CAIRO — At least 480 migrants were intercepted off the coast of Libya by local coast guard forces in the past 48 hours, according to the United Nation’s migration agency.
They are among the 4,500 people who have been brought back to Libya this year after attempting the dangerous Mediterranean Sea crossing to Europe, the International Organization for Migration said in a tweet Sunday.
Photos posted by the IOM Twitter feed showed workers distributing blankets to migrants after they arrived onshore, but the agency also voiced its objection to the treatment of migrants inside the war-torn country.
“We maintain that Libya is not a safe port,” it wrote.
It said that 310 migrants had been brought back to shore on Saturday night, and an additional 173 were returned on Sunday, in tweets.
In the years since the 2011 NATO-backed uprising that ousted and killed longtime dictator Moammar Gadhafi, Libya has emerged as the dominant transit point for migrants fleeing war and poverty in Africa and the Middle East.
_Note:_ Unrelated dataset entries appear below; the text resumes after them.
lemma not_in_G_SSP_if_balanced_components:
  assumes "simple_graph E"
    and comps: "union_of_components E S C1" "union_of_components E S C2"
      "union_of_components E S C3" "union_of_components E S C4"
    and disj: "C1 \<inter> C2 = {}" "C3 \<inter> C4 = {}" "(C1 \<union> C2) \<inter> (C3 \<union> C4) = {}"
    and "C1 \<noteq> {}" "C3 \<noteq> {}"
    and balanced:
      "\<And>s. s \<in> S \<Longrightarrow> card ({z. E s z} \<inter> C1) = card ({z. E s z} \<inter> C2)"
      "\<And>s. s \<in> S \<Longrightarrow> card ({z. E s z} \<inter> C3) = card ({z. E s z} \<inter> C4)"
  shows "\<not> in_G_SSP E"
proof -
  let ?A = "adjacency_minus_degree E S"
  let ?x = "signed_indicator C1 C2" and ?y = "signed_indicator C3 C4"
  have sym: "symp E"
    using \<open>simple_graph E\<close> by (rule simple_graph_symp)
  have A: "?A \<in> S_graph E"
    using \<open>simple_graph E\<close> by (rule adjacency_minus_degree_in_S_graph)
  have "\<not> SSP ?A"
  proof (rule not_SSP_if_separated_eigenvectors)
    show "symmetric_mat ?A"
      using A by (simp add: S_graph_def)
    show "?A *v ?x = 0 *\<^sub>R ?x" "?A *v ?y = 0 *\<^sub>R ?y"
      using adjacency_minus_degree_signed_indicator_eq_0[OF sym comps(1,2) disj(1) balanced(1)]
        adjacency_minus_degree_signed_indicator_eq_0[OF sym comps(3,4) disj(2) balanced(2)]
      by simp_all
    show "?x $ i * ?y $ i = 0" for i
      using disj(3) by (auto simp: signed_indicator_def)
    show "?x $ i * ?y $ j = 0" if "?A $ i $ j \<noteq> 0" for i j
    proof (cases "i \<in> C1 \<union> C2")
      case True
      have "E i j \<or> i = j"
        using that by (auto simp: adjacency_minus_degree_def)
      then have "j \<in> C1 \<union> C2 \<union> S"
        using True comps(1,2) by (auto simp: union_of_components_def)
      then have "j \<notin> C3 \<union> C4"
        using disj(3) comps(3,4) by (auto simp: union_of_components_def)
      then show ?thesis by (simp add: signed_indicator_def)
    qed (simp add: signed_indicator_def)
    show "?x \<noteq> 0" "?y \<noteq> 0"
      using \<open>C1 \<noteq> {}\<close> \<open>C3 \<noteq> {}\<close> disj(1,2) by (auto simp: signed_indicator_def vec_eq_iff)
  qed
  with A show ?thesis
    unfolding in_G_SSP_def by blast
qed

definition delete_vertex :: "('a \<Rightarrow> 'a \<Rightarrow> bool) \<Rightarrow> 'a \<Rightarrow> 'a \<Rightarrow> 'a \<Rightarrow> bool" where
  "delete_vertex E s p q \<longleftrightarrow> E p q \<and> p \<noteq> s \<and> q \<noteq> s"

definition branch :: "('a \<Rightarrow> 'a \<Rightarrow> bool) \<Rightarrow> 'a \<Rightarrow> 'a \<Rightarrow> 'a set" where
  "branch E s a = {w. (delete_vertex E s)\<^sup>*\<^sup>* a w}"

lemma in_branch_self [simp]: "a \<in> branch E s a"
  by (simp add: branch_def)

lemma branch_avoids_vertex: "a \<noteq> s \<Longrightarrow> s \<notin> branch E s a"
  by (auto simp: branch_def delete_vertex_def elim: rtranclp.cases)

lemma hub_not_in_branch: "simple_graph E \<Longrightarrow> E s a \<Longrightarrow> s \<notin> branch E s a"
  by (rule branch_avoids_vertex) (rule simple_graph_neq)

lemma branch_step:
  assumes "w \<in> branch E s a" "E w z" "a \<noteq> s" "z \<noteq> s"
  shows "z \<in> branch E s a"
proof -
  have "w \<noteq> s"
    using assms(1,3) branch_avoids_vertex by fastforce
  with assms show ?thesis
    by (auto simp: branch_def delete_vertex_def intro: rtranclp.rtrancl_into_rtrancl)
qed

lemma branch_eq:
  assumes "symp E" "w \<in> branch E s a"
  shows "branch E s w = branch E s a"
proof -
  have "symp (delete_vertex E s)"
    using \<open>symp E\<close> by (auto simp: symp_def delete_vertex_def)
  then have "symp (delete_vertex E s)\<^sup>*\<^sup>*"
    by (rule symp_rtranclp)
  with assms(2) show ?thesis
    by (auto simp: branch_def dest: sympD intro: rtranclp_trans)
qed

lemma branch_subset_branch:
  assumes "u \<notin> branch E v c"
  shows "branch E v c \<subseteq> branch E u c"
proof
  fix w
  assume "w \<in> branch E v c"
  then have "(delete_vertex E v)\<^sup>*\<^sup>* c w"
    by (simp add: branch_def)
  then show "w \<in> branch E u c"
  proof (induction rule: rtranclp_induct)
    case (step y z)
    then have "y \<in> branch E v c" "z \<in> branch E v c"
      by (auto simp: branch_def intro: rtranclp.rtrancl_into_rtrancl)
    with assms have "y \<noteq> u" "z \<noteq> u"
      by auto
    with step show ?case
      by (auto simp: branch_def delete_vertex_def intro: rtranclp.rtrancl_into_rtrancl)
  qed simp
qed

lemma union_of_components_branch:
  assumes "a \<noteq> s" "t \<notin> branch E s a"
  shows "union_of_components E {s, t} (branch E s a)"
  using assms branch_avoids_vertex branch_step unfolding union_of_components_def by fastforce

lemma tree_neighbour_not_in_branch:
  assumes "is_tree E" "E s a" "E s b" "a \<noteq> b"
  shows "b \<notin> branch E s a"
proof
  assume "b \<in> branch E s a"
  then obtain ys where path: "rtrancl_path (delete_vertex E s) a ys b" and "distinct (a # ys)"
    by (auto simp: branch_def rtranclp_eq_rtrancl_path elim: rtrancl_path_distinct)
  have "simple_graph E" and "acyclic_graph E"
    using \<open>is_tree E\<close> by (simp_all add: is_tree_def)
  have "ys \<noteq> []"
    using path \<open>a \<noteq> b\<close> by (auto elim: rtrancl_path.cases)
  have "s \<notin> set ys"
    using rtrancl_path_Range[OF path] by (auto simp: delete_vertex_def Rangep.simps)
  have "is_cycle E (s # a # ys)"
    unfolding is_cycle_def
  proof (intro conjI allI impI)
    show "3 \<le> length (s # a # ys)"
      using \<open>ys \<noteq> []\<close> by (cases ys) auto
    show "distinct (s # a # ys)"
      using \<open>distinct (a # ys)\<close> \<open>s \<notin> set ys\<close> simple_graph_neq[OF \<open>simple_graph E\<close> \<open>E s a\<close>]
      by auto
    show "E (last (s # a # ys)) (hd (s # a # ys))"
      using rtrancl_path_last[OF path \<open>ys \<noteq> []\<close>] \<open>ys \<noteq> []\<close> \<open>E s b\<close> \<open>simple_graph E\<close>
      by (auto simp: simple_graph_def)
  next
    fix i
    assume "Suc i < length (s # a # ys)"
    then show "E ((s # a # ys) ! i) ((s # a # ys) ! Suc i)"
      using \<open>E s a\<close> rtrancl_path_nth[OF path]
      by (cases i) (auto simp: delete_vertex_def)
  qed
  with \<open>acyclic_graph E\<close> show False
    by (auto simp: acyclic_graph_def)
qed

lemma card_neighbours_in_branch:
  assumes "is_tree E" "E u a" "v \<notin> branch E u a" "s \<in> {u, v}"
  shows "card ({z. E s z} \<inter> branch E u a) = of_bool (s = u)"
proof (cases "s = u")
  case True
  then have "{z. E s z} \<inter> branch E u a = {a}"
    using assms(1,2) tree_neighbour_not_in_branch by fastforce
  with True show ?thesis
    by simp
next
  case False
  have "simple_graph E"
    using \<open>is_tree E\<close> by (simp add: is_tree_def)
  have "a \<noteq> u"
    using simple_graph_neq[OF \<open>simple_graph E\<close> \<open>E u a\<close>] .
  have "{z. E v z} \<inter> branch E u a = {}"
  proof (rule ccontr)
    assume "{z. E v z} \<inter> branch E u a \<noteq> {}"
    then obtain z where "E z v" "z \<in> branch E u a"
      using \<open>simple_graph E\<close> by (auto simp: simple_graph_def)
    then have "v \<in> branch E u a"
      using branch_step \<open>a \<noteq> u\<close> False assms(4) by fastforce
    with assms(3) show False ..
  qed
  with False assms(4) show ?thesis
    by auto
qed

lemma branches_disjoint:
  assumes "is_tree E" "E u a" "E v c" "v \<notin> branch E u a" "u \<notin> branch E v c"
    and "(u, a) \<noteq> (v, c)"
  shows "branch E u a \<inter> branch E v c = {}"
proof (rule ccontr)
  assume "branch E u a \<inter> branch E v c \<noteq> {}"
  then obtain w where w: "w \<in> branch E u a" "w \<in> branch E v c"
    by auto
  have "simple_graph E"
    using \<open>is_tree E\<close> by (simp add: is_tree_def)
  then have "symp E"
    by (rule simple_graph_symp)
  have "w \<in> branch E u c"
    using w(2) branch_subset_branch[OF assms(5)] by blast
  then have "c \<in> branch E u a"
    using branch_eq[OF \<open>symp E\<close>] w(1) by (metis in_branch_self)
  show False
  proof (cases "u = v")
    case True
    then show ?thesis
      using tree_neighbour_not_in_branch assms \<open>c \<in> branch E u a\<close> by blast
  next
    case False
    have "a \<noteq> u"
      using simple_graph_neq[OF \<open>simple_graph E\<close> \<open>E u a\<close>] .
    then have "v \<in> branch E u a"
      using branch_step[OF \<open>c \<in> branch E u a\<close> \<open>E v c\<close> [THEN sympD[OF \<open>symp E\<close>]]] False
      by blast
    with assms(4) show ?thesis ..
  qed
qed

lemma tree_two_branches_avoiding:
  assumes "is_tree E" "degree E u \<ge> 3"
  obtains a b where "E u a" "E u b" "a \<noteq> b" "v \<notin> branch E u a" "v \<notin> branch E u b"
proof -
  have "symp E"
    using \<open>is_tree E\<close> by (simp add: is_tree_def simple_graph_symp)
  define B where "B = {z. E u z \<and> v \<in> branch E u z}"
  have "card B \<le> Suc 0"
    unfolding card_le_Suc0_iff_eq[OF finite]
  proof (intro ballI)
    fix z1 z2
    assume "z1 \<in> B" "z2 \<in> B"
    then have "branch E u z1 = branch E u v" "branch E u z2 = branch E u v"
      using branch_eq[OF \<open>symp E\<close>, of v u z1] branch_eq[OF \<open>symp E\<close>, of v u z2]
      by (simp_all add: B_def)
    then have "z2 \<in> branch E u z1"
      by (metis in_branch_self)
    then show "z1 = z2"
      using tree_neighbour_not_in_branch \<open>is_tree E\<close> \<open>z1 \<in> B\<close> \<open>z2 \<in> B\<close>
      unfolding B_def by blast
  qed
  moreover have "card {z. E u z} - card B \<le> card ({z. E u z} - B)"
    by (rule diff_card_le_card_Diff) simp
  ultimately have "2 \<le> card ({z. E u z} - B)"
    using \<open>degree E u \<ge> 3\<close> unfolding degree_def by linarith
  then obtain a b where "a \<noteq> b" "{a, b} \<subseteq> {z. E u z} - B"
    by (auto simp: numeral_eq_Suc card_le_Suc_iff)
  then show ?thesis
    using that unfolding B_def by auto
qed

lemma tree_not_in_G_SSP_if_two_pairs_of_branches:
  assumes tree: "is_tree E"
    and a: "E u a" "v \<notin> branch E u a" and b: "E u b" "v \<notin> branch E u b" and "a \<noteq> b"
    and c: "E v c" "u \<notin> branch E v c" and d: "E v d" "u \<notin> branch E v d" and "c \<noteq> d"
    and distinct_pairs: "u \<noteq> v \<or> distinct [a, b, c, d]"
  shows "\<not> in_G_SSP E"
proof (rule not_in_G_SSP_if_balanced_components)
  show sg: "simple_graph E"
    using tree by (simp add: is_tree_def)
  have neq: "a \<noteq> u" "b \<noteq> u" "c \<noteq> v" "d \<noteq> v"
    using simple_graph_neq[OF sg] a(1) b(1) c(1) d(1) by simp_all
  show "union_of_components E {u, v} (branch E u a)" "union_of_components E {u, v} (branch E u b)"
    using union_of_components_branch[OF neq(1) a(2)] union_of_components_branch[OF neq(2) b(2)] .
  show "union_of_components E {u, v} (branch E v c)" "union_of_components E {u, v} (branch E v d)"
    using union_of_components_branch[OF neq(3) c(2)] union_of_components_branch[OF neq(4) d(2)]
    by (simp_all add: insert_commute)
  have hubs: "u \<notin> branch E u a" "u \<notin> branch E u b" "v \<notin> branch E v c" "v \<notin> branch E v d"
    using hub_not_in_branch[OF sg] a(1) b(1) c(1) d(1) by simp_all
  show "branch E u a \<inter> branch E u b = {}" "branch E v c \<inter> branch E v d = {}"
    using branches_disjoint[OF tree a(1) b(1) hubs(1,2)] branches_disjoint[OF tree c(1) d(1) hubs(3,4)]
      \<open>a \<noteq> b\<close> \<open>c \<noteq> d\<close>
    by auto
  have "(u, x) \<noteq> (v, y)" if "x \<in> {a, b}" "y \<in> {c, d}" for x y
    using distinct_pairs that by auto
  then show "(branch E u a \<union> branch E u b) \<inter> (branch E v c \<union> branch E v d) = {}"
    using branches_disjoint[OF tree a(1) c(1) a(2) c(2)] branches_disjoint[OF tree a(1) d(1) a(2) d(2)]
      branches_disjoint[OF tree b(1) c(1) b(2) c(2)] branches_disjoint[OF tree b(1) d(1) b(2) d(2)]
    by blast
  show "branch E u a \<noteq> {}" "branch E v c \<noteq> {}"
    by (metis empty_iff in_branch_self)+
  show "card ({z. E s z} \<inter> branch E u a) = card ({z. E s z} \<inter> branch E u b)"
    if "s \<in> {u, v}" for s
    using card_neighbours_in_branch[OF tree a that] card_neighbours_in_branch[OF tree b that] by simp
  show "card ({z. E s z} \<inter> branch E v c) = card ({z. E s z} \<inter> branch E v d)"
    if "s \<in> {u, v}" for s
    using card_neighbours_in_branch[OF tree c] card_neighbours_in_branch[OF tree d] that
    by (simp add: insert_commute)
qed

lemma obtain_four_distinct:
  assumes "finite A" "4 \<le> card A"
  obtains a b c d where "distinct [a, b, c, d]" "{a, b, c, d} \<subseteq> A"
  using assms by (auto simp: numeral_eq_Suc card_le_Suc_iff)

theorem corollary2p8:
  fixes E :: "'n::finite \<Rightarrow> 'n \<Rightarrow> bool"
  assumes "is_tree E"
    and "(\<exists>v. degree E v \<ge> 4) \<or> (\<exists>u v. u \<noteq> v \<and> degree E u \<ge> 3 \<and> degree E v \<ge> 3)"
  shows "\<not> in_G_SSP E"
  using assms(2)
proof
  assume "\<exists>v. degree E v \<ge> 4"
  then obtain v a b c d where "distinct [a, b, c, d]" "{a, b, c, d} \<subseteq> {z. E v z}"
    unfolding degree_def by (metis obtain_four_distinct finite)
  moreover have "simple_graph E"
    using \<open>is_tree E\<close> by (simp add: is_tree_def)
  ultimately show ?thesis
    using hub_not_in_branch tree_not_in_G_SSP_if_two_pairs_of_branches[OF \<open>is_tree E\<close>,
        where u = v and v = v and a = a and b = b and c = c and d = d]
    by auto
next
  assume "\<exists>u v. u \<noteq> v \<and> degree E u \<ge> 3 \<and> degree E v \<ge> 3"
  then obtain u v where "u \<noteq> v" "degree E u \<ge> 3" "degree E v \<ge> 3"
    by blast
  obtain a b where "E u a" "E u b" "a \<noteq> b" "v \<notin> branch E u a" "v \<notin> branch E u b"
    using tree_two_branches_avoiding[OF \<open>is_tree E\<close> \<open>degree E u \<ge> 3\<close>] .
  moreover obtain c d where "E v c" "E v d" "c \<noteq> d" "u \<notin> branch E v c" "u \<notin> branch E v d"
    using tree_two_branches_avoiding[OF \<open>is_tree E\<close> \<open>degree E v \<ge> 3\<close>] .
  ultimately show ?thesis
    using \<open>u \<noteq> v\<close> \<open>is_tree E\<close> tree_not_in_G_SSP_if_two_pairs_of_branches by blast
qed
Smugglers often pack desperate families into ill-equipped rubber boats that stall and founder along the perilous Central Mediterranean route.
In recent years, the European Union has partnered with Libya’s coast guard and other local groups to stem such dangerous sea crossings. Rights groups, however, say those policies leave migrants at the mercy of armed groups or confined in squalid detention centers rife with abuses.
On Jan. 19, a boat carrying migrants bound for Europe capsized in the Mediterranean off the coast of Libya, and at least 43 people drowned. The tragedy marked the first maritime disaster in 2021 involving migrants seeking better lives in Europe. The IOM had cited survivors as saying that the dead were all men from West African nations.